- **INSTRUCTIONS FOR THE TASK**:
Reproduce, exactly and in full, only the lines below from the one containing "and summing over" through the one containing "subsection \<open>Deterministic estimates\<close>".

[Opening TASK MATERIAL section]

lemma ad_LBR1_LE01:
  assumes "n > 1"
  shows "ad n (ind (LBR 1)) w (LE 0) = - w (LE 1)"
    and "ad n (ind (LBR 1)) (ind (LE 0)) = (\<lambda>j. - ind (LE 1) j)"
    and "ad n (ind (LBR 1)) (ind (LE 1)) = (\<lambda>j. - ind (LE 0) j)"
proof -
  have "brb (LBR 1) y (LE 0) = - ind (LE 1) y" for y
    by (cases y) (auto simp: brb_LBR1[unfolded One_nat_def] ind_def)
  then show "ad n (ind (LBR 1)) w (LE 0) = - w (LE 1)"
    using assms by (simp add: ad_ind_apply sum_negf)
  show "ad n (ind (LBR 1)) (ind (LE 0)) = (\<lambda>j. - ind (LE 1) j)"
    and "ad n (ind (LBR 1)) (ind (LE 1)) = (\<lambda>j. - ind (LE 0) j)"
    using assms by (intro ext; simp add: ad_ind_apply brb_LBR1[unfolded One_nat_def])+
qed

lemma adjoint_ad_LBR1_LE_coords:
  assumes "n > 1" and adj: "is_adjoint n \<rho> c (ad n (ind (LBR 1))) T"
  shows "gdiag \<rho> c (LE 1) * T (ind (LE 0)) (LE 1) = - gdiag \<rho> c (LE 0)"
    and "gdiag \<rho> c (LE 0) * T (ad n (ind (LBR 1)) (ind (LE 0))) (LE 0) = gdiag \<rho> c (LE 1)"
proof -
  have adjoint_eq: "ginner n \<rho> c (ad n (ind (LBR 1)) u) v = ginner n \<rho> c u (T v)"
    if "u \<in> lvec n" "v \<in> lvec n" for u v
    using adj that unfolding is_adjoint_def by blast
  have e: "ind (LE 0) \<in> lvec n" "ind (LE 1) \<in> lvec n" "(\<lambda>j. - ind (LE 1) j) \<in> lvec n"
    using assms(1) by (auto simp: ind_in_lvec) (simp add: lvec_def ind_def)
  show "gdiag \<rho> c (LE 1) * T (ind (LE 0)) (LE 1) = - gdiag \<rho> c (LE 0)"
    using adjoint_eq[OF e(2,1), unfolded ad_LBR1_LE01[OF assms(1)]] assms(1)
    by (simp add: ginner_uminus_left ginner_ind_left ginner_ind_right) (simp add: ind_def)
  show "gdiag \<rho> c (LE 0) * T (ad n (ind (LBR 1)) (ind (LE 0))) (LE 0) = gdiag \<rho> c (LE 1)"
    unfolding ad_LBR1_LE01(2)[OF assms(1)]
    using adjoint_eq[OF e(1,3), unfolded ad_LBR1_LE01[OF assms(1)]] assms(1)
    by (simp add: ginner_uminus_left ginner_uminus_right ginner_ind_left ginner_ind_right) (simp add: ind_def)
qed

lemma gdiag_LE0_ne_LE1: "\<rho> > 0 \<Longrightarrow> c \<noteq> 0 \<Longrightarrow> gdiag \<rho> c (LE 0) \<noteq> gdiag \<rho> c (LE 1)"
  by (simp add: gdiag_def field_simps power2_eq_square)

[Closing TASK MATERIAL section]
[Opening TASK MATERIAL section]

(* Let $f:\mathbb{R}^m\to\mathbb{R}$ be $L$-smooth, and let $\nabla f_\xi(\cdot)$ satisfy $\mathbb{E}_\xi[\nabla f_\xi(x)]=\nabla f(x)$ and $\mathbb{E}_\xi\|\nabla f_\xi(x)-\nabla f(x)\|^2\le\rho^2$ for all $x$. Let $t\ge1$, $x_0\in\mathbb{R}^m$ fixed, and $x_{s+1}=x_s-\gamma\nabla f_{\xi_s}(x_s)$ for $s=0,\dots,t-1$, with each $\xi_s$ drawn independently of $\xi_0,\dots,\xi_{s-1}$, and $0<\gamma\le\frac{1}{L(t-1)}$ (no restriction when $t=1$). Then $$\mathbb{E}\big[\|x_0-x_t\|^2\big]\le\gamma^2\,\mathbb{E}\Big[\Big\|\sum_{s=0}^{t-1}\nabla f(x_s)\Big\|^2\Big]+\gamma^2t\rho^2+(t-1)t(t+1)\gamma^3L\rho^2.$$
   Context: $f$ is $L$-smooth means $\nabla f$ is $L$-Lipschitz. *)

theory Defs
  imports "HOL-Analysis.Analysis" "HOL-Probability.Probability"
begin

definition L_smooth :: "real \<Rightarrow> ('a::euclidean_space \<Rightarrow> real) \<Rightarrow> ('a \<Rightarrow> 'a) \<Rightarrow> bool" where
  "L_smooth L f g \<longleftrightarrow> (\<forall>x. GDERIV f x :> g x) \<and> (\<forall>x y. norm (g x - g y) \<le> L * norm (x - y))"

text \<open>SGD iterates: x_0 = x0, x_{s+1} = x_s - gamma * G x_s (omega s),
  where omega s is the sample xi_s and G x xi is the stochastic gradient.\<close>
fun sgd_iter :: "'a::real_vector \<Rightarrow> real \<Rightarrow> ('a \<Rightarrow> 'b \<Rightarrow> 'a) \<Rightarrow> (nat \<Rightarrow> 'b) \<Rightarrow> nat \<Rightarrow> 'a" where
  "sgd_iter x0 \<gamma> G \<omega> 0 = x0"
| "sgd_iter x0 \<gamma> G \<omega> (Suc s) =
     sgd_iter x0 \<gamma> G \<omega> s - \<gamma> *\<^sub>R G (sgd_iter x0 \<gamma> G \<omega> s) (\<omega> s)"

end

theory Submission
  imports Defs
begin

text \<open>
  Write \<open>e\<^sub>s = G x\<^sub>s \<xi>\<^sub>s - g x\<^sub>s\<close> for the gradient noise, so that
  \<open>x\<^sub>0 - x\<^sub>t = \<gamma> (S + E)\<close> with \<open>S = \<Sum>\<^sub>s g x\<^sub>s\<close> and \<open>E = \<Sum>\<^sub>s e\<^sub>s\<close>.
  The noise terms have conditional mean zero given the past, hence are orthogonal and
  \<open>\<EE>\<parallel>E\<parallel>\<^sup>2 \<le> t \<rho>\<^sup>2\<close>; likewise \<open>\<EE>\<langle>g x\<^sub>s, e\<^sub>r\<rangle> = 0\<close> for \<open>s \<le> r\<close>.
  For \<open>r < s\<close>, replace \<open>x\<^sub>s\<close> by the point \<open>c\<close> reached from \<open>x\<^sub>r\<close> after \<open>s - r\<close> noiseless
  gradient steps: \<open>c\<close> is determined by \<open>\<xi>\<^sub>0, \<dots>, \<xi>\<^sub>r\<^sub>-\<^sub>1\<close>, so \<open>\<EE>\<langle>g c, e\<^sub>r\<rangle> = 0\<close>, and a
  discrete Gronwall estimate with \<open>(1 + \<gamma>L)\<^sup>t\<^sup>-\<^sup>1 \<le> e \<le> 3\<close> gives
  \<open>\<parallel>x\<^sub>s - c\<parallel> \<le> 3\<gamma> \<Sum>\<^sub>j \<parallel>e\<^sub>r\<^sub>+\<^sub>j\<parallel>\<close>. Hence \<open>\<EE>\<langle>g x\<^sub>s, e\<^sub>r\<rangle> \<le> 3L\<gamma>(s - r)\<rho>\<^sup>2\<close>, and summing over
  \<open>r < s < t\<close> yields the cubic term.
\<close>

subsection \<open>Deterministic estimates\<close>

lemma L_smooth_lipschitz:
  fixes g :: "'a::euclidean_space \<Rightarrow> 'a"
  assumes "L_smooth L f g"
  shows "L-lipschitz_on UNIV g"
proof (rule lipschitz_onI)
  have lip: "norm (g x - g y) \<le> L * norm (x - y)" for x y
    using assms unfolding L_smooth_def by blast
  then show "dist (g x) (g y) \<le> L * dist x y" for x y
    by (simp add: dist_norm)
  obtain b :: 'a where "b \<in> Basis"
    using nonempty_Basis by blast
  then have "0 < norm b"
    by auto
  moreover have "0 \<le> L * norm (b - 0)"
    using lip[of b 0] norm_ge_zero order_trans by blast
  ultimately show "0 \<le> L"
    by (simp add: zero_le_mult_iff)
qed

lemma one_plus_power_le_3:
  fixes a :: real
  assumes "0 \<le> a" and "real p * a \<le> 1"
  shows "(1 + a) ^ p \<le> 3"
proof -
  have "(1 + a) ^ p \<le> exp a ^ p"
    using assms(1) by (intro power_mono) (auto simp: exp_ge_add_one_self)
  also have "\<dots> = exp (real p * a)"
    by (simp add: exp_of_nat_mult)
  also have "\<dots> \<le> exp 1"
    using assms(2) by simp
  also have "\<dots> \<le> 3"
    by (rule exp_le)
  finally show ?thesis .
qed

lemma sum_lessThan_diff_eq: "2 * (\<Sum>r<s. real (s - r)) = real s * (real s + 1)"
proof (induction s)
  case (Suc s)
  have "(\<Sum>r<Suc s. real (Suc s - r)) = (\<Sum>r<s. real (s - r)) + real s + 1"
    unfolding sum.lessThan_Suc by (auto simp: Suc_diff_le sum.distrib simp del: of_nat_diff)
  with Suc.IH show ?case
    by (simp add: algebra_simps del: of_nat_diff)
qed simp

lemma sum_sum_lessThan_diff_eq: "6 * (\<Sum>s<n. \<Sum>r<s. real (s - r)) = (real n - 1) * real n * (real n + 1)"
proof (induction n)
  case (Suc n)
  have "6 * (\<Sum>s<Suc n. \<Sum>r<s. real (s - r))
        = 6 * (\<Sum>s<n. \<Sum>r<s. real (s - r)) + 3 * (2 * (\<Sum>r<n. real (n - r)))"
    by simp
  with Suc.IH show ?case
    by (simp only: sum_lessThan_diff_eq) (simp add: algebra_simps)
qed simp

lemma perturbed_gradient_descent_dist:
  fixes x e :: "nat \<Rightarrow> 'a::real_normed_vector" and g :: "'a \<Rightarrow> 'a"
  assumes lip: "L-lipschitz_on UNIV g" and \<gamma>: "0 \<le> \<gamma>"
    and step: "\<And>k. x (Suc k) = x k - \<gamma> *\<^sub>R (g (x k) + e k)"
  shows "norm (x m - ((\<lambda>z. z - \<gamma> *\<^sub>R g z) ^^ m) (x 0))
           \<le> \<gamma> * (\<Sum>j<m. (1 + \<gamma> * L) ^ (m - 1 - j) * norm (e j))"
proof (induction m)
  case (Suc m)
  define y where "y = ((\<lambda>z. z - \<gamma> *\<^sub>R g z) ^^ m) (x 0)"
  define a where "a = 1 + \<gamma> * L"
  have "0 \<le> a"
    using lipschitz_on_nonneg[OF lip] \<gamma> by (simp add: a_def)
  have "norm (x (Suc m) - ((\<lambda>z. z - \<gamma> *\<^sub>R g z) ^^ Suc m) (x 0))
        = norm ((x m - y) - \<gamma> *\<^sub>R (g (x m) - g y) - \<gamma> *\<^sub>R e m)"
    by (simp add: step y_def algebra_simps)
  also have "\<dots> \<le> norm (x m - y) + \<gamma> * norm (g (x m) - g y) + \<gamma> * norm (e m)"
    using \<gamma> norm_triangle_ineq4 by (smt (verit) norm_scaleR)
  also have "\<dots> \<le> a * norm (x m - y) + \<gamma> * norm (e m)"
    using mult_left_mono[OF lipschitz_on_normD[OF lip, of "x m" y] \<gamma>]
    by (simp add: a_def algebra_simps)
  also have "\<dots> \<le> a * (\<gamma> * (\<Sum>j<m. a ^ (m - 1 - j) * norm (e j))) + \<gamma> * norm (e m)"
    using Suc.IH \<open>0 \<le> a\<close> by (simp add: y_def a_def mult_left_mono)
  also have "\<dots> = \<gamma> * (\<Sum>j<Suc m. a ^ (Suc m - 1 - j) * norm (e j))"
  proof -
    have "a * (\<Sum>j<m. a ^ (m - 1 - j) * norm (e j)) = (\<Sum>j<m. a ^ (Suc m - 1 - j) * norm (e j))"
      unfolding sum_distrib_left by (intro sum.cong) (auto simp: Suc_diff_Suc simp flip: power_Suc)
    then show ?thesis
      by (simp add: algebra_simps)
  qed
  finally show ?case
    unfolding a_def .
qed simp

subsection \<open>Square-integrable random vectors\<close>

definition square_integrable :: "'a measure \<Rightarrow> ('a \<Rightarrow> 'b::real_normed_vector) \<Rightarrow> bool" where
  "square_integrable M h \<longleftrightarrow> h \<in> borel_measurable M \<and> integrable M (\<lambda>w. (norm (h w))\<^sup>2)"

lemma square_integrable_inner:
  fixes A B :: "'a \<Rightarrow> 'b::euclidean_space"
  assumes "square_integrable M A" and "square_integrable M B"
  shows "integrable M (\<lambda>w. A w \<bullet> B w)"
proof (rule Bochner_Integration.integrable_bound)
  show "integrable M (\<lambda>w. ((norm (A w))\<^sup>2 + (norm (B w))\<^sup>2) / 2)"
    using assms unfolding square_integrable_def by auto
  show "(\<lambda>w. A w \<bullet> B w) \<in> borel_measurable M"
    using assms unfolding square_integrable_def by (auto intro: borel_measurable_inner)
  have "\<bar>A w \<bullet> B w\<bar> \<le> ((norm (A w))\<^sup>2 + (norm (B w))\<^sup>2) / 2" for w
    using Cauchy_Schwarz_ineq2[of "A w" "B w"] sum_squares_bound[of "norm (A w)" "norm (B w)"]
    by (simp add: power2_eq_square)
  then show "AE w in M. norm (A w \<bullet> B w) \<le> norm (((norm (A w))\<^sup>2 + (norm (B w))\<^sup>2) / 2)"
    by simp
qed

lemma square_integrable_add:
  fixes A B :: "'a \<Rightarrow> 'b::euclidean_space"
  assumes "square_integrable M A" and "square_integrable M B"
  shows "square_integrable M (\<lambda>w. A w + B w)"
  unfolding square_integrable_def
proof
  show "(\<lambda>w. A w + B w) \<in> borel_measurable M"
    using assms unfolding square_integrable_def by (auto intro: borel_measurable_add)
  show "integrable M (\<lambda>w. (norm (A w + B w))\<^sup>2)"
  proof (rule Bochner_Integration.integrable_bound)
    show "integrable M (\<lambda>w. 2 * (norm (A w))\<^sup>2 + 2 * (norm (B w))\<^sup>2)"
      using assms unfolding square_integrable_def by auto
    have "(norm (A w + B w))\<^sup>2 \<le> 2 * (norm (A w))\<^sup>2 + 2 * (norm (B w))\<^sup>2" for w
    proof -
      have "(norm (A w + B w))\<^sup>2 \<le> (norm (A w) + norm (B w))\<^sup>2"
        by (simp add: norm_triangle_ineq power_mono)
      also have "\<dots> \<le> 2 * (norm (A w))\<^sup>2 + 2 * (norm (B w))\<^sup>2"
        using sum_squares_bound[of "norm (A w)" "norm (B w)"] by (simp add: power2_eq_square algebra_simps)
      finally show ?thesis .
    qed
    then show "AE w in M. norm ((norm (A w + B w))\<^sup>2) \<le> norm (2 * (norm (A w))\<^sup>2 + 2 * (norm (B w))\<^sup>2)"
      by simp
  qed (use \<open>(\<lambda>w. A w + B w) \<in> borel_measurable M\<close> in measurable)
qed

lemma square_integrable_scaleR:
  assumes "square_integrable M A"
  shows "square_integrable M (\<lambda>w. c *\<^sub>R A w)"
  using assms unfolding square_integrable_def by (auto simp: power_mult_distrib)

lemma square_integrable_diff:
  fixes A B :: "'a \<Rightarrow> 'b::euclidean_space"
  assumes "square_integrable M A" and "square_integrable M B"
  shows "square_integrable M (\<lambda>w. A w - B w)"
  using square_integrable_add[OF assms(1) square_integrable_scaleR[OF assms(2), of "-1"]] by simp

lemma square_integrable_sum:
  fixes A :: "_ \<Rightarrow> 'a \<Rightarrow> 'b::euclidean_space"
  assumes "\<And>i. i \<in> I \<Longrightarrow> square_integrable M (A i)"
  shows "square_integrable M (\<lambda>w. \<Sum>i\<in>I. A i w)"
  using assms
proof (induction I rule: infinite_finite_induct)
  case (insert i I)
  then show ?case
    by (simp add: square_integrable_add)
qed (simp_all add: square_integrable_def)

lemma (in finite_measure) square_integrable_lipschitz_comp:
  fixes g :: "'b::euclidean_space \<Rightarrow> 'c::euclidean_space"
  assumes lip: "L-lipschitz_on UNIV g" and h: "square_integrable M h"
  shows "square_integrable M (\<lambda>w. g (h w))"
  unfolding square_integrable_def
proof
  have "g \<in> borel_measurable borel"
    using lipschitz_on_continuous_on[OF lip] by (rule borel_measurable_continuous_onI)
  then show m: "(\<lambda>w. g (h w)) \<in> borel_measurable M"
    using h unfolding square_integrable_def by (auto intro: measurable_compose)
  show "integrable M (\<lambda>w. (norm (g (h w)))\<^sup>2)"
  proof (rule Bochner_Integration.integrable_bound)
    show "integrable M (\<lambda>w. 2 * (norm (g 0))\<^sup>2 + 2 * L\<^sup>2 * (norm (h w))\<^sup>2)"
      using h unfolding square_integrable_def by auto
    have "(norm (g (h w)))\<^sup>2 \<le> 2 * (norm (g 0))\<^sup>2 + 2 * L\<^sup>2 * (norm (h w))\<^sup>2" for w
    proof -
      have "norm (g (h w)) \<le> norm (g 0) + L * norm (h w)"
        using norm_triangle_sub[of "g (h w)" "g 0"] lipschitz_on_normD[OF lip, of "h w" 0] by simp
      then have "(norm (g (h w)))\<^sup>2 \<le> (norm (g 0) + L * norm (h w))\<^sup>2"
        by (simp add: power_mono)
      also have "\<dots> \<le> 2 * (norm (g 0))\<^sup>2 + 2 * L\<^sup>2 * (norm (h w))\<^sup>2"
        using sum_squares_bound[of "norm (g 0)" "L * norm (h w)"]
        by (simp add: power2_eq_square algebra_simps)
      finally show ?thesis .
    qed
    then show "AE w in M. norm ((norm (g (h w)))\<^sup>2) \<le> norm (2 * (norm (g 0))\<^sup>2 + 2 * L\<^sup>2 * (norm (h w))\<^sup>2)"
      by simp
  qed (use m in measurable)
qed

[Closing TASK MATERIAL section]

- **RESULT FOR THIS TASK**:
  \<open>\<parallel>x\<^sub>s - c\<parallel> \<le> 3\<gamma> \<Sum>\<^sub>j \<parallel>e\<^sub>r\<^sub>+\<^sub>j\<parallel>\<close>. Hence \<open>\<EE>\<langle>g x\<^sub>s, e\<^sub>r\<rangle> \<le> 3L\<gamma>(s - r)\<rho>\<^sup>2\<close>, and summing over
  \<open>r < s < t\<close> yields the cubic term.
\<close>

subsection \<open>Deterministic estimates\<close>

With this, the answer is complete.